Driving biomolecular nanodevices with synthetic in vitro gene circuits: One of the major challenges for synthetic biology is the realization of large biochemical circuits composed of smaller, well-defined functional "modules". Due to the large number of interacting components and potentially detrimental, unintended "feedback loops", connecting several modules together can lead to a severe deterioration of systems performance. We here addressed this problem by studying an in vitro model system. We utilized a synthetic biochemical clock based on in vitro transcription reactions to periodically drive the motion of a DNA nanodevice (the "DNA tweezers"). Using a variety of different "coupling modes" between oscillator circuit and nanodevice, it was indeed possible to control the motion of the tweezers. However, the dynamics of the oscillator were strongly affected, when we increased the "load". We therefore developed an insulator circuit (corresponding to a "buffer amplifier" in electronics) that effectively uncoupled the load from the driving circuit, and therefore reduced undesirable biochemical "back-action".
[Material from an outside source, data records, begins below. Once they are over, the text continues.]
text \<open>The first-order condition of each minimisation step says that the iterates satisfy the
  implicit trapezoidal rule X_(n+1) = X_n - (tau/2) (grad phi(X_(n+1)) + grad phi(X_n)) in H.
  The exact flow satisfies the same relation up to a local truncation error of order
  L_alpha tau^(2+alpha), which is obtained by testing the remainder against itself, so that only
  the scalar mean value theorem is needed. Subtracting the two relations and using the Lipschitz
  bound gives e_(n+1) \<le> e_n + (L tau/2)(e_(n+1) + e_n) + O(tau^(2+alpha)); as L tau \<le> 1 this
  becomes e_(n+1) \<le> exp(2 L tau) e_n + O(tau^(2+alpha)), and a discrete Gronwall argument sums the
  local errors. The Wasserstein estimate is the transport cost of the coupling induced by the
  pair of maps.\<close>

lemma integrable_inner_L2space:
  assumes "a \<in> L2space M" "b \<in> L2space M"
  shows "integrable M (\<lambda>x. a x \<bullet> b x)"
proof (rule Bochner_Integration.integrable_bound[where f="\<lambda>x. norm (a x) ^ 2 + norm (b x) ^ 2"])
  show "integrable M (\<lambda>x. norm (a x) ^ 2 + norm (b x) ^ 2)"
    using assms unfolding L2space_def by simp
  show "(\<lambda>x. a x \<bullet> b x) \<in> borel_measurable M"
    using assms unfolding L2space_def by (intro borel_measurable_inner) auto
  have "\<bar>a x \<bullet> b x\<bar> \<le> norm (a x) ^ 2 + norm (b x) ^ 2" for x
    using Cauchy_Schwarz_ineq2[of "a x" "b x"] sum_squares_bound[of "norm (a x)" "norm (b x)"]
      mult_nonneg_nonneg[OF norm_ge_zero[of "a x"] norm_ge_zero[of "b x"]]
    by linarith
  then show "AE x in M. norm (a x \<bullet> b x) \<le> norm (norm (a x) ^ 2 + norm (b x) ^ 2)"
    by simp
qed

lemma L2space_add:
  assumes "a \<in> L2space M" "b \<in> L2space M"
  shows "(\<lambda>x. a x + b x) \<in> L2space M"
proof -
  have "norm (a x + b x) ^ 2 = norm (a x) ^ 2 + 2 * (a x \<bullet> b x) + norm (b x) ^ 2" for x
    by (simp add: power2_norm_eq_inner inner_add_left inner_add_right inner_commute)
  moreover have "integrable M (\<lambda>x. norm (a x) ^ 2 + 2 * (a x \<bullet> b x) + norm (b x) ^ 2)"
    using assms integrable_inner_L2space[OF assms] unfolding L2space_def by simp
  ultimately show ?thesis
    using assms unfolding L2space_def by (simp add: borel_measurable_add)
qed

lemma L2space_scaleR:
  assumes "a \<in> L2space M"
  shows "(\<lambda>x. c *\<^sub>R a x) \<in> L2space M"
  using assms unfolding L2space_def by (simp add: power_mult_distrib borel_measurable_scaleR)

lemma L2space_diff:
  assumes "a \<in> L2space M" "b \<in> L2space M"
  shows "(\<lambda>x. a x - b x) \<in> L2space M"
  using L2space_add[OF assms(1) L2space_scaleR[OF assms(2), of "-1"]] by simp

lemmas L2space_closed = L2space_add L2space_diff L2space_scaleR

lemma L2space_const: "finite_measure M \<Longrightarrow> (\<lambda>x. v) \<in> L2space M"
  unfolding L2space_def by (simp add: finite_measure.integrable_const)

lemma L2space_ident:
  assumes "\<rho> \<in> P2"
  shows "(\<lambda>x. x) \<in> L2space \<rho>"
proof -
  have sets: "sets \<rho> = sets borel" and moment: "(\<integral>\<^sup>+ x. ennreal (norm x ^ 2) \<partial>\<rho>) < \<infinity>"
    using assms unfolding P2_def by auto
  have "(\<lambda>x. x) \<in> borel_measurable \<rho>"
    using sets by (rule measurable_ident_sets)
  moreover from this have "integrable \<rho> (\<lambda>x. norm x ^ 2)"
    using moment by (intro integrableI_bounded) auto
  ultimately show ?thesis unfolding L2space_def by simp
qed

lemma H_norm_nonneg: "H_norm M a \<ge> 0"
  unfolding H_norm_def by simp

lemma H_norm_square: "H_norm M a ^ 2 = (\<integral>x. norm (a x) ^ 2 \<partial>M)"
  unfolding H_norm_def by simp

lemma H_norm_scaleR: "H_norm M (\<lambda>x. c *\<^sub>R a x) = \<bar>c\<bar> * H_norm M a"
  unfolding H_norm_def by (simp add: power_mult_distrib real_sqrt_mult)

lemma H_norm_minus_commute: "H_norm M (\<lambda>x. b x - a x) = H_norm M (\<lambda>x. a x - b x)"
  using H_norm_scaleR[of M "-1" "\<lambda>x. a x - b x"] by simp

lemma H_inner_self: "H_inner M a a = H_norm M a ^ 2"
  unfolding H_inner_def H_norm_square by (simp add: power2_norm_eq_inner)

lemma H_inner_commute: "H_inner M a b = H_inner M b a"
  unfolding H_inner_def by (simp add: inner_commute)

lemma H_inner_add_left:
  "a \<in> L2space M \<Longrightarrow> b \<in> L2space M \<Longrightarrow> c \<in> L2space M \<Longrightarrow>
    H_inner M (\<lambda>x. a x + b x) c = H_inner M a c + H_inner M b c"
  unfolding H_inner_def by (simp add: inner_add_left integrable_inner_L2space)

lemma H_inner_diff_left:
  "a \<in> L2space M \<Longrightarrow> b \<in> L2space M \<Longrightarrow> c \<in> L2space M \<Longrightarrow>
    H_inner M (\<lambda>x. a x - b x) c = H_inner M a c - H_inner M b c"
  unfolding H_inner_def by (simp add: inner_diff_left integrable_inner_L2space)

lemma H_inner_scaleR_left: "H_inner M (\<lambda>x. t *\<^sub>R a x) c = t * H_inner M a c"
  unfolding H_inner_def by simp

lemma H_norm_add_square:
  assumes "a \<in> L2space M" "b \<in> L2space M"
  shows "H_norm M (\<lambda>x. a x + b x) ^ 2 = H_norm M a ^ 2 + 2 * H_inner M a b + H_norm M b ^ 2"
proof -
  have "norm (a x + b x) ^ 2 = norm (a x) ^ 2 + 2 * (a x \<bullet> b x) + norm (b x) ^ 2" for x
    by (simp add: power2_norm_eq_inner inner_add_left inner_add_right inner_commute)
  then show ?thesis
    using assms integrable_inner_L2space[OF assms] unfolding H_norm_square H_inner_def L2space_def
    by simp
qed

lemma discriminant_le_of_quadratic_nonneg:
  fixes A B C :: real
  assumes quad: "\<And>t. 0 \<le> A + 2 * t * B + t^2 * C" and "C \<ge> 0"
  shows "B^2 \<le> A * C"
proof (cases "C = 0")
  case True
  have "B = 0"
  proof (rule ccontr)
    assume "B \<noteq> 0"
    then show False
      using quad[of "- (A + 1) / (2 * B)"] True by (simp add: field_simps)
  qed
  then show ?thesis using quad[of 0] True by simp
next
  case False
  with \<open>C \<ge> 0\<close> have "C > 0" by simp
  then have "0 \<le> A - B^2 / C"
    using quad[of "- B / C"] by (simp add: power2_eq_square field_simps)
  with \<open>C > 0\<close> show ?thesis by (simp add: field_simps)
qed

lemma H_inner_Cauchy_Schwarz:
  assumes "a \<in> L2space M" "b \<in> L2space M"
  shows "\<bar>H_inner M a b\<bar> \<le> H_norm M a * H_norm M b"
proof -
  have "0 \<le> H_norm M a ^ 2 + 2 * t * H_inner M a b + t^2 * H_norm M b ^ 2" for t
    using H_norm_add_square[OF assms(1) L2space_scaleR[OF assms(2)], of t]
    by (simp add: H_norm_scaleR H_inner_commute[of M a] H_inner_scaleR_left power_mult_distrib)
      (metis mult.assoc zero_le_power2)
  then have "H_inner M a b ^ 2 \<le> (H_norm M a * H_norm M b) ^ 2"
    unfolding power_mult_distrib by (rule discriminant_le_of_quadratic_nonneg) simp
  then show ?thesis
    using abs_le_square_iff[of "H_inner M a b" "H_norm M a * H_norm M b"]
      H_norm_nonneg[of M a] H_norm_nonneg[of M b] by simp
qed

lemma H_norm_triangle:
  assumes "a \<in> L2space M" "b \<in> L2space M"
  shows "H_norm M (\<lambda>x. a x + b x) \<le> H_norm M a + H_norm M b"
proof (rule power2_le_imp_le)
  show "H_norm M (\<lambda>x. a x + b x) ^ 2 \<le> (H_norm M a + H_norm M b) ^ 2"
    unfolding H_norm_add_square[OF assms] power2_sum
    using H_inner_Cauchy_Schwarz[OF assms] by simp
qed (simp add: H_norm_nonneg add_nonneg_nonneg)

lemma H_norm_triangle_diff:
  assumes "a \<in> L2space M" "b \<in> L2space M"
  shows "H_norm M (\<lambda>x. a x - b x) \<le> H_norm M a + H_norm M b"
  using H_norm_triangle[OF assms(1) L2space_scaleR[OF assms(2)], of "-1"]
    H_norm_scaleR[of M "-1" b]
  by simp

lemma H_norm_dist_triangle:
  assumes "a \<in> L2space M" "b \<in> L2space M" "c \<in> L2space M"
  shows "H_norm M (\<lambda>x. a x - c x) \<le> H_norm M (\<lambda>x. a x - b x) + H_norm M (\<lambda>x. b x - c x)"
  using H_norm_triangle[of "\<lambda>x. a x - b x" M "\<lambda>x. b x - c x"] assms
  by (simp add: L2space_diff)

lemma H_norm_const_pos:
  assumes "prob_space M" "v \<noteq> 0"
  shows "H_norm M (\<lambda>x. v) > 0"
  using assms unfolding H_norm_def by (simp add: prob_space.prob_space)

lemma Lip_const_bound_nonnull:
  assumes "bdd_above (lip_ratios M G)" "a \<in> L2space M" "b \<in> L2space M"
    and "H_norm M (\<lambda>x. a x - b x) \<noteq> 0"
  shows "H_norm M (\<lambda>x. G a x - G b x) \<le> Lip_const M G * H_norm M (\<lambda>x. a x - b x)"
proof -
  have "H_norm M (\<lambda>x. G a x - G b x) / H_norm M (\<lambda>x. a x - b x) \<in> lip_ratios M G"
    unfolding lip_ratios_def using assms(2-4) by blast
  then have "H_norm M (\<lambda>x. G a x - G b x) / H_norm M (\<lambda>x. a x - b x) \<le> Lip_const M G"
    unfolding Lip_const_def using assms(1) by (rule cSup_upper)
  moreover have "H_norm M (\<lambda>x. a x - b x) > 0"
    using assms(4) H_norm_nonneg[of M] by (simp add: order_less_le)
  ultimately show ?thesis by (simp add: divide_le_eq mult.commute)
qed

lemma nonpos_if_le_mult_pos:
  fixes x K :: real
  assumes "\<And>c. c > 0 \<Longrightarrow> x \<le> K * c"
  shows "x \<le> 0"
proof (rule field_le_epsilon)
  fix e :: real
  assume "e > 0"
  show "x \<le> 0 + e"
  proof (cases "K > 0")
    case True
    then show ?thesis using assms[of "e / K"] \<open>e > 0\<close> by simp
  next
    case False
    then show ?thesis using assms[of 1] \<open>e > 0\<close> by simp
  qed
qed

text \<open>The difference quotients in lip_ratios only range over pairs at positive distance, so
  pairs at distance zero are handled by moving one point away by a small constant map.\<close>
lemma Lip_const_bound:
  fixes M :: "'a::euclidean_space measure"
  assumes P: "prob_space M" and bdd: "bdd_above (lip_ratios M G)"
    and G_L2: "\<And>\<xi>. \<xi> \<in> L2space M \<Longrightarrow> G \<xi> \<in> L2space M"
    and \<xi>: "\<xi> \<in> L2space M" "\<zeta> \<in> L2space M"
  shows "H_norm M (\<lambda>x. G \<xi> x - G \<zeta> x) \<le> Lip_const M G * H_norm M (\<lambda>x. \<xi> x - \<zeta> x)"
proof (cases "H_norm M (\<lambda>x. \<xi> x - \<zeta> x) = 0")
  case False
  then show ?thesis using Lip_const_bound_nonnull[OF bdd \<xi>] by blast
next
  case null: True
  let ?L = "Lip_const M G"
  obtain v :: 'a where "v \<noteq> 0" using nonzero_Basis by blast
  define w where "w = (\<lambda>x::'a. v)"
  have w: "w \<in> L2space M" "H_norm M w > 0"
    unfolding w_def using P \<open>v \<noteq> 0\<close>
    by (auto intro: L2space_const H_norm_const_pos simp: prob_space.finite_measure)
  have shifted: "H_norm M (\<lambda>x. G \<xi> x - G \<zeta> x) \<le> 2 * ?L * c * H_norm M w" if "c > 0" for c
  proof -
    define \<eta> where "\<eta> = (\<lambda>x. \<xi> x + c *\<^sub>R w x)"
    have \<eta>: "\<eta> \<in> L2space M" unfolding \<eta>_def using \<xi> w by (intro L2space_closed)
    have "(\<lambda>x. \<xi> x - \<eta> x) = (\<lambda>x. (- c) *\<^sub>R w x)" unfolding \<eta>_def by auto
    then have d\<xi>\<eta>: "H_norm M (\<lambda>x. \<xi> x - \<eta> x) = c * H_norm M w"
      using H_norm_scaleR[of M "- c" w] \<open>c > 0\<close> by simp
    have "H_norm M (\<lambda>x. \<xi> x - \<eta> x) \<le> H_norm M (\<lambda>x. \<xi> x - \<zeta> x) + H_norm M (\<lambda>x. \<zeta> x - \<eta> x)"
      by (rule H_norm_dist_triangle[OF \<xi> \<eta>])
    then have d\<eta>\<zeta>: "H_norm M (\<lambda>x. \<eta> x - \<zeta> x) = c * H_norm M w"
      using H_norm_dist_triangle[OF \<eta> \<xi>] d\<xi>\<eta> null
        H_norm_minus_commute[of M \<eta> \<xi>] H_norm_minus_commute[of M \<zeta> \<eta>]
      by (simp add: order_antisym)
    have "H_norm M (\<lambda>x. G \<xi> x - G \<zeta> x)
        \<le> H_norm M (\<lambda>x. G \<xi> x - G \<eta> x) + H_norm M (\<lambda>x. G \<eta> x - G \<zeta> x)"
      using G_L2 \<xi> \<eta> by (intro H_norm_dist_triangle) auto
    also have "\<dots> \<le> ?L * H_norm M (\<lambda>x. \<xi> x - \<eta> x) + ?L * H_norm M (\<lambda>x. \<eta> x - \<zeta> x)"
      using \<open>c > 0\<close> w d\<xi>\<eta> d\<eta>\<zeta> \<xi> \<eta>
      by (intro add_mono Lip_const_bound_nonnull[OF bdd]) auto
    finally show ?thesis using d\<xi>\<eta> d\<eta>\<zeta> by (simp add: algebra_simps)
  qed
  have "H_norm M (\<lambda>x. G \<xi> x - G \<zeta> x) \<le> 0"
    using shifted by (intro nonpos_if_le_mult_pos[of _ "2 * ?L * H_norm M w"]) (simp add: ac_simps)
  then show ?thesis using null by simp
qed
This work was conducted in collaboration with the Winfree and Murray labs at Caltech.

E. Franco, E. Friedrichs, J. Kim, R. Jungmann, R. Murray, E. Winfree, F. C. Simmel, Timing molecular production and motion with a synthetic transcriptional clock, PNAS 108, E784-E793 (2011). DOI: 10.1073/pnas.1100060108

DNA-PAINT: DNA origami is a powerful method for the programmable assembly of nanoscale molecular structures. For applications of these structures as functional biomaterials, the study of reaction kinetics and dynamic processes in real time and with high spatial resolution becomes increasingly important. We present a single-molecule assay for the study of binding and unbinding kinetics on DNA origami. We find that the kinetics of hybridization to single-stranded extensions on DNA origami is similar to isolated substrate-immobilized DNA with a slight position dependence on the origami. On the basis of the knowledge of the kinetics, we exploit reversible specific binding of labeled oligonucleotides to DNA nanostructures for PAINT (points accumulation for imaging in nanoscale topography) imaging with <30 nm resolution. The method is demonstrated for flat monomeric DNA structures as well as multimeric, ribbon-like DNA structures.

The DNA-PAINT software is available in the software section.
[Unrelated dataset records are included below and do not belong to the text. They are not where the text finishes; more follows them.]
lemma trace_mult_sigma_half_derivative:
  fixes F R X Sp Sq Spq :: "real^'n^'n"
  shows "trace (F ** sigma_half_derivative R X Sp Sq Spq c d u)
    = c * (u \<bullet> ((R ** Sp ** R ** F ** R) *v u)) + d * (u \<bullet> ((X ** Sq ** X ** F ** X) *v u))
      + c * (u \<bullet> ((R ** Spq ** X ** F ** R) *v u)) + d * (u \<bullet> ((X ** F ** R ** Spq ** X) *v u))"
proof -
  have "trace (F ** ((c *\<^sub>R (R ** outer u ** R)) ** Sp ** R)) = c * (u \<bullet> ((R ** Sp ** R ** F ** R) *v u))"
    using trace_outer[of "F ** R" u "R ** Sp ** R"]
    by (simp add: scalar_matrix_assoc[symmetric] matrix_scalar_ac trace_scaleR matrix_mul_assoc)
  moreover have "trace (F ** ((d *\<^sub>R (X ** outer u ** X)) ** Sq ** X)) = d * (u \<bullet> ((X ** Sq ** X ** F ** X) *v u))"
    using trace_outer[of "F ** X" u "X ** Sq ** X"]
    by (simp add: scalar_matrix_assoc[symmetric] matrix_scalar_ac trace_scaleR matrix_mul_assoc)
  moreover have "trace (F ** ((c *\<^sub>R (R ** outer u ** R)) ** Spq ** X)) = c * (u \<bullet> ((R ** Spq ** X ** F ** R) *v u))"
    using trace_outer[of "F ** R" u "R ** Spq ** X"]
    by (simp add: scalar_matrix_assoc[symmetric] matrix_scalar_ac trace_scaleR matrix_mul_assoc)
  moreover have "trace (F ** (R ** Spq ** (d *\<^sub>R (X ** outer u ** X)))) = d * (u \<bullet> ((X ** F ** R ** Spq ** X) *v u))"
    using trace_outer[of "F ** R ** Spq ** X" u X]
    by (simp add: scalar_matrix_assoc[symmetric] matrix_scalar_ac trace_scaleR matrix_mul_assoc)
  ultimately show ?thesis
    by (simp add: sigma_half_derivative_def matrix_add_ldistrib trace_add)
qed

section \<open>Dependence on the line statuses\<close>

lemma Xinv_eq_Rinv: "Xinv = Rinv"
  by (simp add: fun_eq_iff Xinv_def Rinv_def)

lemma Rinv_symmetric: "transpose (Rinv a w b) = Rinv a w b"
  by (simp add: Rinv_def transpose_def outer_def vec_eq_iff sum_component mult.commute)

lemma Rinv_add_axis:
  "Rinv a w (b + t *\<^sub>R axis l 1) = Rinv a w b + t *\<^sub>R ((1 / (2 * w l)) *\<^sub>R outer (a l))"
proof -
  have "(\<Sum>k\<in>UNIV. ((b + t *\<^sub>R axis l 1) $ k / w k) *\<^sub>R outer (a k))
      = (\<Sum>k\<in>UNIV. (b $ k / w k) *\<^sub>R outer (a k) + (if k = l then (t / w l) *\<^sub>R outer (a l) else 0))"
    by (rule sum.cong) (auto simp: axis_def add_divide_distrib scaleR_add_left)
  also have "\<dots> = (\<Sum>k\<in>UNIV. (b $ k / w k) *\<^sub>R outer (a k)) + (t / w l) *\<^sub>R outer (a l)"
    by (simp add: sum.distrib)
  finally show ?thesis
    by (simp add: Rinv_def scaleR_add_right)
qed

lemma matrix_inv_Rinv_has_matrix_derivative:
  assumes "invertible (Rinv a w b)"
  shows "has_matrix_derivative (\<lambda>t. matrix_inv (Rinv a w (b + t *\<^sub>R axis l 1)))
    ((- 1 / (2 * w l)) *\<^sub>R (matrix_inv (Rinv a w b) ** outer (a l) ** matrix_inv (Rinv a w b))) 0"
proof -
  have "has_matrix_derivative (\<lambda>t. Rinv a w (b + t *\<^sub>R axis l 1)) ((1 / (2 * w l)) *\<^sub>R outer (a l)) 0"
    unfolding Rinv_add_axis by (rule has_matrix_derivative_affine)
  from matrix_inv_has_matrix_derivative[OF this] show ?thesis
    using assms by (simp add: matrix_scalar_ac scalar_matrix_assoc[symmetric])
qed

lemma SigmaM_along_axis_has_matrix_derivative:
  assumes Sp_sym: "transpose Sp = Sp" and Sq_sym: "transpose Sq = Sq"
    and R_ex: "invertible (Rinv a r b)" and X_ex: "invertible (Xinv a x b)"
  shows "has_matrix_derivative (\<lambda>t. SigmaM a r x Sp Sq Spq sn2 (b + t *\<^sub>R axis l 1))
    (let T = sigma_half_derivative (matrix_inv (Rinv a r b)) (matrix_inv (Xinv a x b)) Sp Sq Spq
               (- 1 / (2 * r l)) (- 1 / (2 * x l)) (a l)
     in T + transpose T) 0"
proof -
  define R where "R = matrix_inv (Rinv a r b)"
  define X where "X = matrix_inv (Rinv a x b)"
  define DR where "DR = (- 1 / (2 * r l)) *\<^sub>R (R ** outer (a l) ** R)"
  define DX where "DX = (- 1 / (2 * x l)) *\<^sub>R (X ** outer (a l) ** X)"
  have R_sym: "transpose R = R" and X_sym: "transpose X = X"
    using R_ex X_ex by (simp_all add: R_def X_def Xinv_eq_Rinv transpose_matrix_inv_symmetric Rinv_symmetric)
  then have DR_sym: "transpose DR = DR" and DX_sym: "transpose DX = DX"
    by (simp_all only: DR_def DX_def transpose_scalar matrix_transpose_mul transpose_outer matrix_mul_assoc)
  have DR': "has_matrix_derivative (\<lambda>t. matrix_inv (Rinv a r (b + t *\<^sub>R axis l 1))) DR 0"
    and DX': "has_matrix_derivative (\<lambda>t. matrix_inv (Rinv a x (b + t *\<^sub>R axis l 1))) DX 0"
    using matrix_inv_Rinv_has_matrix_derivative R_ex X_ex
    by (simp_all add: DR_def DX_def R_def X_def Xinv_eq_Rinv)
  show ?thesis
    using voltage_cov_has_matrix_derivative[OF DR' DX' _ _ DR_sym DX_sym Sp_sym Sq_sym] R_sym X_sym
    by (simp add: SigmaM_eq_voltage_cov Xinv_eq_Rinv sigma_half_derivative_def R_def X_def DR_def DX_def)
qed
Nanopore translocation experiments are performed using a novel setup based on microemulsion droplets. This scales down the required analyte volume to only a few picoliters and provides very stable membranes for single-molecule nanopore experiments. Using this setup, the stability of hairpin DNA and G-quadruplex DNA is studied by nanopore force spectroscopy.
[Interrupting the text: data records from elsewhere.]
lemma sym2_entries:
  "sym2 a b c $$ (0, 0) = a" "sym2 a b c $$ (1, 1) = b"
  "sym2 a b c $$ (0, 1) = c" "sym2 a b c $$ (1, 0) = c"
  by (simp_all add: sym2_def)

lemma sum_lessThan_2: "(\<Sum>i<2. f i) = f 0 + f (1::nat)"
  by (simp add: numeral_2_eq_2)

lemma sum_lessThan_4: "(\<Sum>i<4. f i) = f 0 + f 1 + f 2 + f (3::nat)"
  by (simp add: eval_nat_numeral)

lemma binary_form_nonneg:
  fixes a b c :: real
  assumes "a \<ge> 0" "b \<ge> 0" "c\<^sup>2 \<le> a * b"
  shows "a * x * x + b * y * y + 2 * c * x * y \<ge> 0"
proof (cases "a = 0")
  case True
  then have "c\<^sup>2 \<le> 0" using assms by simp
  then have "c = 0" by simp
  then show ?thesis using True assms by (simp add: mult.assoc)
next
  case False
  then have "a > 0" using assms by simp
  have "a * (a * x * x + b * y * y + 2 * c * x * y) = (a * x + c * y)\<^sup>2 + (a * b - c\<^sup>2) * y * y"
    by (simp add: power2_eq_square algebra_simps)
  also have "\<dots> \<ge> 0" using assms by (simp add: mult.assoc)
  finally show ?thesis using \<open>a > 0\<close> by (simp add: zero_le_mult_iff)
qed

lemma psd_sym2:
  assumes "a \<ge> 0" "b \<ge> 0" "c\<^sup>2 \<le> a * b"
  shows "psd 2 (sym2 a b c)"
  unfolding psd_def
proof (intro conjI ballI sym2_carrier)
  fix v :: "complex vec"
  assume v: "v \<in> carrier_vec 2"
  have form: "conjugate v \<bullet> (sym2 a b c *\<^sub>v v)
      = cnj (v $ 0) * (a * v $ 0 + c * v $ 1) + cnj (v $ 1) * (c * v $ 0 + b * v $ 1)"
    using sym2_entries[of a b c]
    by (simp add: quadratic_form_expand[OF sym2_carrier v] sum_lessThan_2)
  show "Im (conjugate v \<bullet> (sym2 a b c *\<^sub>v v)) = 0"
    unfolding form by (simp add: algebra_simps)
  have "Re (conjugate v \<bullet> (sym2 a b c *\<^sub>v v))
      = (a * Re (v $ 0) * Re (v $ 0) + b * Re (v $ 1) * Re (v $ 1) + 2 * c * Re (v $ 0) * Re (v $ 1))
      + (a * Im (v $ 0) * Im (v $ 0) + b * Im (v $ 1) * Im (v $ 1) + 2 * c * Im (v $ 0) * Im (v $ 1))"
    unfolding form by (simp add: algebra_simps)
  then show "Re (conjugate v \<bullet> (sym2 a b c *\<^sub>v v)) \<ge> 0"
    using binary_form_nonneg[OF assms, of "Re (v $ 0)" "Re (v $ 1)"]
          binary_form_nonneg[OF assms, of "Im (v $ 0)" "Im (v $ 1)"] by linarith
qed

text \<open>The maximally entangled state (|00> + |11>)/\<surd>2 as a density matrix on C^2 \<otimes> C^2.\<close>
definition phi_plus :: "complex mat" where
  "phi_plus = mat 4 4 (\<lambda>(i, j). if (i = 0 \<or> i = 3) \<and> (j = 0 \<or> j = 3) then 1/2 else 0)"

lemma density_phi_plus: "density (2 * 2) phi_plus"
  unfolding density_def psd_def
proof (intro conjI ballI)
  show "phi_plus \<in> carrier_mat (2 * 2) (2 * 2)" by (simp add: phi_plus_def)
  fix v :: "complex vec"
  assume "v \<in> carrier_vec (2 * 2)"
  then have v: "v \<in> carrier_vec 4" by simp
  have form: "conjugate v \<bullet> (phi_plus *\<^sub>v v) = (cnj (v $ 0) + cnj (v $ 3)) * (v $ 0 + v $ 3) / 2"
    using quadratic_form_expand[OF _ v, of phi_plus]
    by (simp add: phi_plus_def sum_lessThan_4 algebra_simps add_divide_distrib)
  show "Im (conjugate v \<bullet> (phi_plus *\<^sub>v v)) = 0"
    unfolding form by (simp add: algebra_simps)
  have "0 \<le> (Re (v $ 0) + Re (v $ 3))\<^sup>2 + (Im (v $ 0) + Im (v $ 3))\<^sup>2" by simp
  then show "Re (conjugate v \<bullet> (phi_plus *\<^sub>v v)) \<ge> 0"
    unfolding form by (simp add: algebra_simps power2_eq_square)
next
  show "mtrace phi_plus = 1" by (simp add: mtrace_def phi_plus_def sum_lessThan_4)
qed

lemma trace_phi_plus_kron:
  assumes "A \<in> carrier_mat 2 2" "B \<in> carrier_mat 2 2"
  shows "mtrace (phi_plus * kron A B)
       = (A $$ (0, 0) * B $$ (0, 0) + A $$ (1, 1) * B $$ (1, 1) + A $$ (0, 1) * B $$ (0, 1) + A $$ (1, 0) * B $$ (1, 0)) / 2"
  using assms
  by (simp add: mtrace_def phi_plus_def kron_def times_mat_def scalar_prod_def sum_lessThan_4
      lessThan_atLeast0[symmetric] algebra_simps add_divide_distrib)

text \<open>The projector (I + s (z \<sigma>_z + x \<sigma>_x))/2 onto outcome s = \<plusminus>1 of the spin measurement
  along the real Bloch vector (z, x).\<close>
definition bloch_proj :: "real \<Rightarrow> real \<Rightarrow> real \<Rightarrow> complex mat" where
  "bloch_proj s z x = sym2 ((1 + s * z) / 2) ((1 - s * z) / 2) (s * x / 2)"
Resolving the distances: Rectangular DNA origami labeled with fluorophores at specific positions has been used as a nanoscopic ruler. Super-resolution microscopy based on the subsequent localization of single molecules enables two fluorophores at a distance of about 90 nm to be optically resolved. This combination of subdiffraction imaging and DNA nanotechnology opens up new avenues for studying nanostructures and their dynamics.